Книга Война конца света, страница 30. Автор книги Марио Варгас Льоса

Разделитель для чтения книг в онлайн библиотеке

Онлайн книга «Война конца света»

Cтраница 30

Он родился с очень короткими ногами и несуразно огромной головой, и жители Натубы, увидев младенца, подумали, что лучше бы милосердный господь прибрал его сразу: если и выживет, ходить все равно не сможет и будет дурачком. Но сбылось только первое предсказание, ибо, хотя младший сын коновала и холостильщика Селестино Пардинаса так и не научился ходить по-человечески, он отличался острым умом, редкостной памятью, был жаден до знаний и имел на плечах голову, хоть она и вызывала смех. Он был сплошным исключением из правил: родился в семье Пардинаса, где никогда ни одного урода не рождалось, был слаб и хил, но не болел и не умер, передвигался не по-людски, а на четвереньках, и голова его росла так стремительно, что казалось невероятным, как это маленькое тельце не согнется под такой тяжестью. Но когда он сам, ни у кого ничего не спрашивая, выучился читать и писать, по Натубе прошел слух: истинный отец его-не коновал Селестино, а сам сатана.

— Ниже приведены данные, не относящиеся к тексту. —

(* Let $\Omega\subset\mathbb R^N$ be bounded and open, and $u\in\widetilde W^{s,p}(\Omega)\cap C^{1,\gamma}_{loc}(\Omega)$ with $\gamma\in[0,1]$ satisfying $$\gamma>1-p(1-s)\ \text{ if }p\ge2,\qquad \gamma>\frac{1-p(1-s)}{p-1}\ \text{ if }1<p<2.$$ Then there is $f\in L^\infty_{loc}(\Omega)$ such that $u$ is a strong solution of $(-\Delta)^s_pu=f$ in $\Omega$.
   Context: Fixed $s\in(0,1)$, $p\in(1,\infty)$. $a^q:=|a|^{q-1}a$. $\widetilde W^{s,p}(\Omega)$: $u\in L^p_{loc}(\mathbb R^N)$ with $u\in W^{s,p}(U)$ for some bounded open $U\supset\overline\Omega$ and $\int_{\mathbb R^N}\frac{|u|^{p-1}}{(1+|x|)^{N+ps}}dx<\infty$. Strong solution: $2\int_{\mathbb R^N\setminus B_\varepsilon(x)}\frac{(u(x)-u(y))^{p-1}}{|x-y|^{N+ps}}dy\to f$ in $L^1_{loc}(\Omega)$ as $\varepsilon\to0^+$. *)

theory Defs
  imports "HOL-Analysis.Analysis"
begin

definition spow :: "real \<Rightarrow> real \<Rightarrow> real" where
  "spow a q = \<bar>a\<bar> powr (q - 1) * a"

definition in_Wsp :: "real \<Rightarrow> real \<Rightarrow> 'a::euclidean_space set \<Rightarrow> ('a \<Rightarrow> real) \<Rightarrow> bool" where
  "in_Wsp s p U u \<longleftrightarrow>
     set_borel_measurable lebesgue U u \<and>
     (\<integral>\<^sup>+ x. ennreal (indicator U x * \<bar>u x\<bar> powr p) \<partial>lebesgue) < \<infinity> \<and>
     (\<integral>\<^sup>+ z. ennreal (indicator (U \<times> U) z *
          (\<bar>u (fst z) - u (snd z)\<bar> powr p / norm (fst z - snd z) powr (real DIM('a) + p * s)))
        \<partial>(lebesgue \<Otimes>\<^sub>M lebesgue)) < \<infinity>"

definition in_Lp_loc :: "real \<Rightarrow> ('a::euclidean_space \<Rightarrow> real) \<Rightarrow> bool" where
  "in_Lp_loc p u \<longleftrightarrow> u \<in> borel_measurable lebesgue \<and>
     (\<forall>K. compact K \<longrightarrow> (\<integral>\<^sup>+ x. ennreal (indicator K x * \<bar>u x\<bar> powr p) \<partial>lebesgue) < \<infinity>)"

Ни Селестино, ни дона Гауденсия не дали себе труда-должно быть, сочли это лишним и бесполезным– отвести его к дону Асенио, который не только изготовлял изразцы для всей Натубы, но и обучал окрестных ребятишек грамоте, начаткам латыни и закону божьему. А когда в один прекрасный день пришел почтальон и приколотил на щите у церковной площади указ, даже не подумав, как было предписано, прочесть его вслух, потому что до захода солнца ему надо было успеть еще в десять мест, жители долго таращились на загадочные письмена, пока откуда-то с земли не прозвучал голос Леона: «Тут написано, что грозит эпидемия ящура, будет падеж скота, и потому надо сжигать мусор, засыпать стоила креозотом и кипятить молоко и воду». Подоспевший дон Асенио подтвердил, что именно так все и написано – слово в слово. Соседи пристали с расспросами, и Леон дал объяснения, которые многим показались подозрительными: он будто бы выучился читать, следя за теми, кто умел. В Натубе таких грамотеев было четверо-дон Асенио, десятник Фелисбело, лекарь дон Абелардо и жестянщик Зосимо. Никто из них не давал ему уроков, но все четверо припомнили, что стоило им присесть и начать читать или писать письмо соседям, как рядом тотчас возникала огромная косматая голова Леона и неотрывно следили за ними его пытливые глаза. Он выучился грамоте и, лежа в тени жасмина, читал и перечитывал газеты, требники, часословы, объявления-все, что попадет под руку. Вооружаясь гусиным пером, собственноручно очинённым и расщепленным, и самодельными чернилами, он крупными красивыми буквами писал поздравления ко дню именин, сообщения о свадьбах, похоронах, крестинах, болезнях и прочих событиях, происходивших в Натубе, а верховой почтальон, раз в неделю туда заезжавший, доставлял это по адресам. Кроме того, Леон под диктовку земляков писал письма. Все это он делал бесплатно, ни с кого не брал ни гроша, но от нечастых подарков не отказывался.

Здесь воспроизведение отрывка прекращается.